At least 550 prisoners of conscience were being held in jails up and down Iran last September, including members of minority religions, researchers for the US State Department have said.

The State Department’s latest report on the state of human rights in the country in 2020-21 was predictably bleak, re-hashing a litany of documented abuses by arms of the Iranian state – from the police to the Basij to the Supreme Leader’s office – throughout the year.

No Let-Up in Ill-Treatment of Detainees

Political prisoners, the report noted, remained especially vulnerable to torture and mistreatment behind bars. The last two years have seen more detainees, such as mother-of-two Maryam Akbari-Monfared, internally exiled to remote parts of Iran miles away from their families.

The report also highlighted the jailing of several more defense attorneys, including Javad Alikordi, Amirsalar Davoudi and Mohammad Najafi. In August officials in Tehran also arrested six prominent lawyers who sought to take Supreme Leader Ali Khamenei to task over colossal, fatal failings during Covid-19.

The government and agents, the State Department noted, had meanwhile committed “arbitrary and unlawful” killings principally by deploying the death sentence for crimes that did not meet the international legal standard to permit it, such as drug-related offences. Last October UN Special Rapporteur told the General Assembly this was the case for “almost all” executions in Iran.

In January 2021 the activist Javid Dehghan was hanged in Zahedan on the vague charge of “war against God” after he had been horrifically tortured by the IRGC into giving a forced “confession”. His case was highlighted in the report, as was that of Zahra Esmaili, who was hanged in prison in February after confessing to killing her husband, a Ministry of Intelligence official.

Two men, Sajad Sanjari and Arman Abdolali, were hanged for offences committed as minors. Another, Hossein Shahbazi, is still on death row today. The State Department asserted at least six juvenile offenders were executed in 2020.
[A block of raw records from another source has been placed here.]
(* Let $G$ be a connected graph cellularly embedded on an orientable closed surface of genus $h\geq 0$. If $G$ has an even number of edges and has a perfect matching, then the total resonance graph $R_t(G)$ is bipartite.
   Context: A perfect matching of $G$ is a set of edges covering every vertex exactly once. A face of the embedding whose boundary is a cycle is said to have a facial cycle. The total resonance graph $R_t(G)$ has as vertices the perfect matchings of $G$, and two perfect matchings $M_1,M_2$ are adjacent if and only if the symmetric difference $M_1\oplus M_2=(M_1\setminus M_2)\cup(M_2\setminus M_1)$ is exactly the edge set of one facial cycle of $G$ (i.e. $M_2$ is obtained from $M_1$ by rotating along an $M_1$-alternating facial cycle). *)

theory Defs
  imports "HOL-Combinatorics.Permutations"
begin

text \<open>A graph cellularly embedded on an orientable closed surface is represented
  combinatorially by a rotation system (oriented combinatorial map):
  a finite set of darts D (half-edges), a fixed-point-free involution alpha on D
  (pairing the two darts of each edge) and a permutation sigma of D (the cyclic
  order of darts around each vertex, given by the orientation).  Loops and multiple edges are allowed.\<close>

definition orb :: "('d \<Rightarrow> 'd) \<Rightarrow> 'd \<Rightarrow> 'd set" where
  "orb f d = {(f ^^ n) d | n. True}"

definition rotation_system :: "'d set \<Rightarrow> ('d \<Rightarrow> 'd) \<Rightarrow> ('d \<Rightarrow> 'd) \<Rightarrow> bool" where
  "rotation_system D \<alpha> \<sigma> \<longleftrightarrow> finite D \<and> \<alpha> permutes D \<and> \<sigma> permutes D \<and>
     (\<forall>d\<in>D. \<alpha> d \<noteq> d \<and> \<alpha> (\<alpha> d) = d)"

definition rs_vertices :: "'d set \<Rightarrow> ('d \<Rightarrow> 'd) \<Rightarrow> 'd set set" where
  "rs_vertices D \<sigma> = {orb \<sigma> d | d. d \<in> D}"

definition rs_edge :: "('d \<Rightarrow> 'd) \<Rightarrow> 'd \<Rightarrow> 'd set" where
  "rs_edge \<alpha> d = {d, \<alpha> d}"

definition rs_edges :: "'d set \<Rightarrow> ('d \<Rightarrow> 'd) \<Rightarrow> 'd set set" where
  "rs_edges D \<alpha> = {rs_edge \<alpha> d | d. d \<in> D}"

definition rs_faces :: "'d set \<Rightarrow> ('d \<Rightarrow> 'd) \<Rightarrow> ('d \<Rightarrow> 'd) \<Rightarrow> 'd set set" where
  "rs_faces D \<alpha> \<sigma> = {orb (\<sigma> \<circ> \<alpha>) d | d. d \<in> D}"

definition rs_connected :: "'d set \<Rightarrow> ('d \<Rightarrow> 'd) \<Rightarrow> ('d \<Rightarrow> 'd) \<Rightarrow> bool" where
  "rs_connected D \<alpha> \<sigma> \<longleftrightarrow>
     (\<forall>d\<in>D. \<forall>e\<in>D. (d, e) \<in> ({(x, \<sigma> x) | x. x \<in> D} \<union> {(x, \<alpha> x) | x. x \<in> D})\<^sup>*)"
A large number of ethnic Arabs and Baluchis were killed by state forces both in custody and outside, the report stated. In February, it said, 10 fuel carriers on the border with Pakistan were known to have been killed in protests over cross-border blockades.

Stifling Plurality

Elsewhere the State Department’s researchers were blunt on the extent of wider civic freedoms and democracy: “Neither 2021 presidential elections nor 2020 parliamentary elections were considered free and fair.”

One area of particular concern was the increasing restrictions on citizens’ ability to get online. The co-called User Protection Bill was not mentioned but the authors noted access to the global internet was cut off at points during water protests in Khuzestan last July.
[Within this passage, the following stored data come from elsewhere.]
theorem theorem2:
  fixes \<beta> :: real and n :: nat and u :: "(nat \<Rightarrow> nat) \<Rightarrow> ennreal"
  assumes "0 \<le> \<beta>" and "\<beta> \<le> 1" and "n \<ge> 1"
    and "\<forall>m\<le>n. upper_conf_bound \<beta> {1,2,3} m {p. prob_dens {1,2,3} p} (\<lambda>p. p) trin_param u"
  shows "upper_conf_bound \<beta> ({0,1} \<times> {0,1}) n Theta2_le mu2 (\<lambda>\<theta>. ennreal (chi1 (snd \<theta>) 1 1))
           (\<lambda>k. u (trip (k (1,0)) (k (0,1)) (k (1,1))))"
  unfolding upper_conf_bound_def
proof
  fix \<theta> assume \<theta>: "\<theta> \<in> Theta2_le"
  then have "\<theta> \<in> Theta2" by (simp add: Theta2_le_def)
  define \<mu> where "\<mu> = mu2 \<theta>"
  define x where "x = chi1 (snd \<theta>) 1 1"
  have "prob_dens ({0,1} \<times> {0,1}) \<mu>"
    unfolding \<mu>_def using \<open>\<theta> \<in> Theta2\<close> by (rule prob_dens_mu2)
  then have nonneg: "0 \<le> \<mu> (0,0)" "0 \<le> \<mu> (1,0)" "0 \<le> \<mu> (0,1)" "0 \<le> \<mu> (1,1)"
    and total: "\<mu> (0,0) + (\<mu> (1,0) + \<mu> (0,1) + \<mu> (1,1)) = 1"
    unfolding prob_dens_def sum_square01 by auto
  have bound: "ennreal x \<le> trin_param (trin_cond \<mu>)"
    using nonneg chi1_le_one[OF \<open>\<theta> \<in> Theta2\<close>] chi1_odds_bound[OF \<theta>]
    unfolding x_def \<mu>_def by (intro ennreal_le_trin_param_trin_cond)
  have "\<beta> \<le> mult_prob {1,2,3} m (trin_cond \<mu>) {k. ennreal x \<le> u k}" if "m \<le> n" for m
  proof -
    have "\<beta> \<le> mult_prob {1,2,3} m (trin_cond \<mu>) {k. trin_param (trin_cond \<mu>) \<le> u k}"
      using assms(4) that prob_dens_trin_cond[OF nonneg(2-4)] by (simp add: upper_conf_bound_def)
    also have "\<dots> \<le> mult_prob {1,2,3} m (trin_cond \<mu>) {k. ennreal x \<le> u k}"
      using prob_dens_trin_cond[OF nonneg(2-4)] bound by (intro mult_prob_mono) auto
    finally show ?thesis .
  qed
  then have "\<beta> \<le> (\<Sum>m\<le>n. of_nat (n choose m) * \<mu> (0,0) ^ (n - m) * (\<mu> (1,0) + \<mu> (0,1) + \<mu> (1,1)) ^ m
      * mult_prob {1,2,3} m (trin_cond \<mu>) {k. ennreal x \<le> u k})"
    by (intro binomial_mixture_ge[OF nonneg(1) _ total]) (use nonneg in auto)
  also have "\<dots> = mult_prob ({0,1} \<times> {0,1}) n \<mu> {k. trip (k (1,0)) (k (0,1)) (k (1,1)) \<in> {k. ennreal x \<le> u k}}"
    by (rule mult_prob_square_trip[OF trin_cond_scaled[OF nonneg(2-4)], symmetric])
  finally show "\<beta> \<le> mult_prob ({0,1} \<times> {0,1}) n (mu2 \<theta>)
      {k. ennreal (chi1 (snd \<theta>) 1 1) \<le> u (trip (k (1,0)) (k (0,1)) (k (1,1)))}"
    by (simp add: \<mu>_def x_def)
qed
The Iranian authorities, they wrote, have “employed a centralized filtering system that can effectively block a website within a few hours across the entire network.”

On censorship, the report summarized the Orwellian state of affairs as follows: “The law forbids government censorship but also prohibits dissemination of information the government considers ‘damaging’.”
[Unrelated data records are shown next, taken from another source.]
lemma cobd_vec_kernel:
  fixes tail head :: "'e::finite \<Rightarrow> 'v::finite"
  assumes conn: "graph_connected tail head" and h: "cobd_vec tail head h = 0"
  shows "h \<in> span {\<chi> v. 1}"
proof -
  have edge: "h $ u = h $ w" if adj: "(u, w) \<in> adj_in tail head UNIV" for u w
  proof -
    obtain e where "(tail e = u \<and> head e = w) \<or> (tail e = w \<and> head e = u)"
      using adj unfolding adj_in_def by blast
    moreover have "h $ head e - h $ tail e = 0"
      using h unfolding cobd_vec_def cobd_def by (metis vec_lambda_beta zero_index)
    ultimately show ?thesis by auto
  qed
  have "h $ u = h $ w" if "(u, w) \<in> (adj_in tail head UNIV)\<^sup>+" for u w
    using that by (induction rule: trancl_induct) (auto dest: edge)
  then have const: "h $ u = h $ w" for u w
    using connected_component_rel[OF conn, of u w] unfolding component_rel_def by auto
  then have "h = (h $ v0) *\<^sub>R (\<chi> v. 1)" for v0 by (simp add: vec_eq_iff)
  then show ?thesis by (metis span_base span_scale singletonI)
qed

lemma partition_indicator_vecs:
  fixes Ps :: "'v::finite set set"
  assumes nonempty: "\<And>P. P \<in> Ps \<Longrightarrow> P \<noteq> {}"
    and disjoint: "\<And>P Q. P \<in> Ps \<Longrightarrow> Q \<in> Ps \<Longrightarrow> P \<noteq> Q \<Longrightarrow> P \<inter> Q = {}"
    and cover: "\<And>v. \<exists>P \<in> Ps. v \<in> P"
  shows "dim (indicator_vec ` Ps) = card Ps" "(\<chi> v. 1) \<in> span (indicator_vec ` Ps)"
proof -
  have ind: "indicator_vec P $ v = (if v \<in> P then 1 else 0)" for P v
    unfolding indicator_vec_def by simp
  have "inj_on indicator_vec Ps"
  proof (rule inj_onI)
    fix P Q assume "indicator_vec P = indicator_vec Q"
    then have "(v \<in> P) = (v \<in> Q)" for v by (metis ind zero_neq_one)
    then show "P = Q" by blast
  qed
  moreover have "independent (indicator_vec ` Ps)"
  proof (rule pairwise_orthogonal_independent)
    show "pairwise orthogonal (indicator_vec ` Ps)"
    proof (rule pairwiseI)
      fix x y assume "x \<in> indicator_vec ` Ps" "y \<in> indicator_vec ` Ps" "x \<noteq> y"
      then obtain P Q where "P \<in> Ps" "Q \<in> Ps" "P \<noteq> Q" "x = indicator_vec P" "y = indicator_vec Q"
        by blast
      then show "orthogonal x y"
        using disjoint unfolding orthogonal_def inner_vec_def
        by (intro sum.neutral) (auto simp: ind)
    qed
    show "0 \<notin> indicator_vec ` Ps"
    proof
      assume "0 \<in> indicator_vec ` Ps"
      then obtain P where "P \<in> Ps" "indicator_vec P = 0" by auto
      moreover obtain v where "v \<in> P" using nonempty \<open>P \<in> Ps\<close> by blast
      ultimately show False by (metis ind zero_index zero_neq_one)
    qed
  qed
  ultimately show "dim (indicator_vec ` Ps) = card Ps"
    using dim_span_eq_card_independent card_image by (metis dim_span)
  have "(\<chi> v. 1) = (\<Sum>P\<in>Ps. indicator_vec P)"
  proof (subst vec_eq_iff, intro allI)
    fix v
    obtain P0 where P0: "P0 \<in> Ps" "v \<in> P0" using cover by blast
    have "(\<Sum>P\<in>Ps. indicator_vec P $ v) = indicator_vec P0 $ v + (\<Sum>P\<in>Ps - {P0}. indicator_vec P $ v)"
      using P0 by (simp add: sum.remove)
    also have "(\<Sum>P\<in>Ps - {P0}. indicator_vec P $ v) = 0"
      using disjoint P0 by (intro sum.neutral) (auto simp: ind)
    finally show "(\<chi> v. 1) $ v = (\<Sum>P\<in>Ps. indicator_vec P) $ v" using P0 by (simp add: ind)
  qed
  then show "(\<chi> v. 1) \<in> span (indicator_vec ` Ps)" by (simp add: span_sum span_base)
qed

lemma qf_eq_inner: "qf x = x \<bullet> x"
  unfolding qf_def inner_vec_def by (simp add: power2_eq_square)

lemma voronoi_common_inner:
  assumes x: "x \<in> voronoi tail head 0" "x \<in> voronoi tail head lam"
    and nu: "\<nu> \<in> latticeL tail head" "lam - \<nu> \<in> latticeL tail head"
    and proj: "lam \<bullet> \<nu> = \<nu> \<bullet> \<nu>"
  shows "2 * (x \<bullet> \<nu>) = \<nu> \<bullet> \<nu>"
proof -
  have "qf (x - 0) \<le> qf (x - \<nu>)" using x(1) nu(1) unfolding voronoi_def by blast
  moreover have "qf (x - lam) \<le> qf (x - (lam - \<nu>))" using x(2) nu(2) unfolding voronoi_def by blast
  moreover have "x - (lam - \<nu>) = (x - lam) + \<nu>" by simp
  ultimately show ?thesis
    using proj by (simp add: qf_eq_inner inner_diff_left inner_diff_right inner_add_left
        inner_add_right inner_commute)
qed

lemma cobd_in_latticeL:
  assumes "\<And>v. f v \<in> \<int>"
  shows "cobd tail head f \<in> latticeL tail head"
proof -
  have "f = (\<lambda>v. of_int \<lfloor>f v\<rfloor>)" using assms by (metis Ints_cases floor_of_int)
  then show ?thesis unfolding latticeL_def by (intro CollectI exI[of _ "\<lambda>v. \<lfloor>f v\<rfloor>"]) simp
qed

text \<open>For a component \<open>P\<close> of \<open>G[S]\<close>, the cochains \<open>d(\<chi>\<^sub>S)\<close> and \<open>d(\<chi>\<^sub>P)\<close> agree on every edge where
  \<open>d(\<chi>\<^sub>P)\<close> is nonzero, i.e. on every edge leaving \<open>P\<close>.\<close>

lemma component_indicator_inner:
  assumes P: "P \<in> components_in tail head S"
  shows "cobd tail head (\<lambda>v. if v \<in> S then 1 else 0) \<bullet> cobd tail head (\<lambda>v. if v \<in> P then 1 else 0)
       = cobd tail head (\<lambda>v. if v \<in> P then 1 else 0) \<bullet> cobd tail head (\<lambda>v. if v \<in> P then 1 else 0)"
proof -
  have "P \<subseteq> S" using component_subset(2)[OF P] .
  moreover have "tail e \<in> P" if "head e \<in> P" "tail e \<in> S" for e
    using component_edge_closed[OF P that] by auto
  moreover have "head e \<in> P" if "tail e \<in> P" "head e \<in> S" for e
    using component_edge_closed[OF P that] by auto
  ultimately show ?thesis
    unfolding inner_vec_def cobd_def by (intro sum.cong refl) auto
qed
In the last two years green activists Niloufar Bayani and Parisa Rafiei were punished for speaking out about rape threats they received in prison, the Kurdish language teacher Zara Mohammadi for endorsing a variety of mother tongues in the classroom, and the lawyer Mohammad Najafi for talking about one of his clients.

The government also censored all Wikipedia entries related to the LBGT community. The judiciary continued to persecute LGBT Iranians and in May, the family of 20-year-old gay man Alireza Fazeli Monfared killed him in cold blood without facing any form of reprisal.

“The constitution bars discrimination based on race, gender, disability, language, and social status ‘in conformity with Islamic criteria’,” the report said, “but the government did not effectively enforce these prohibitions.”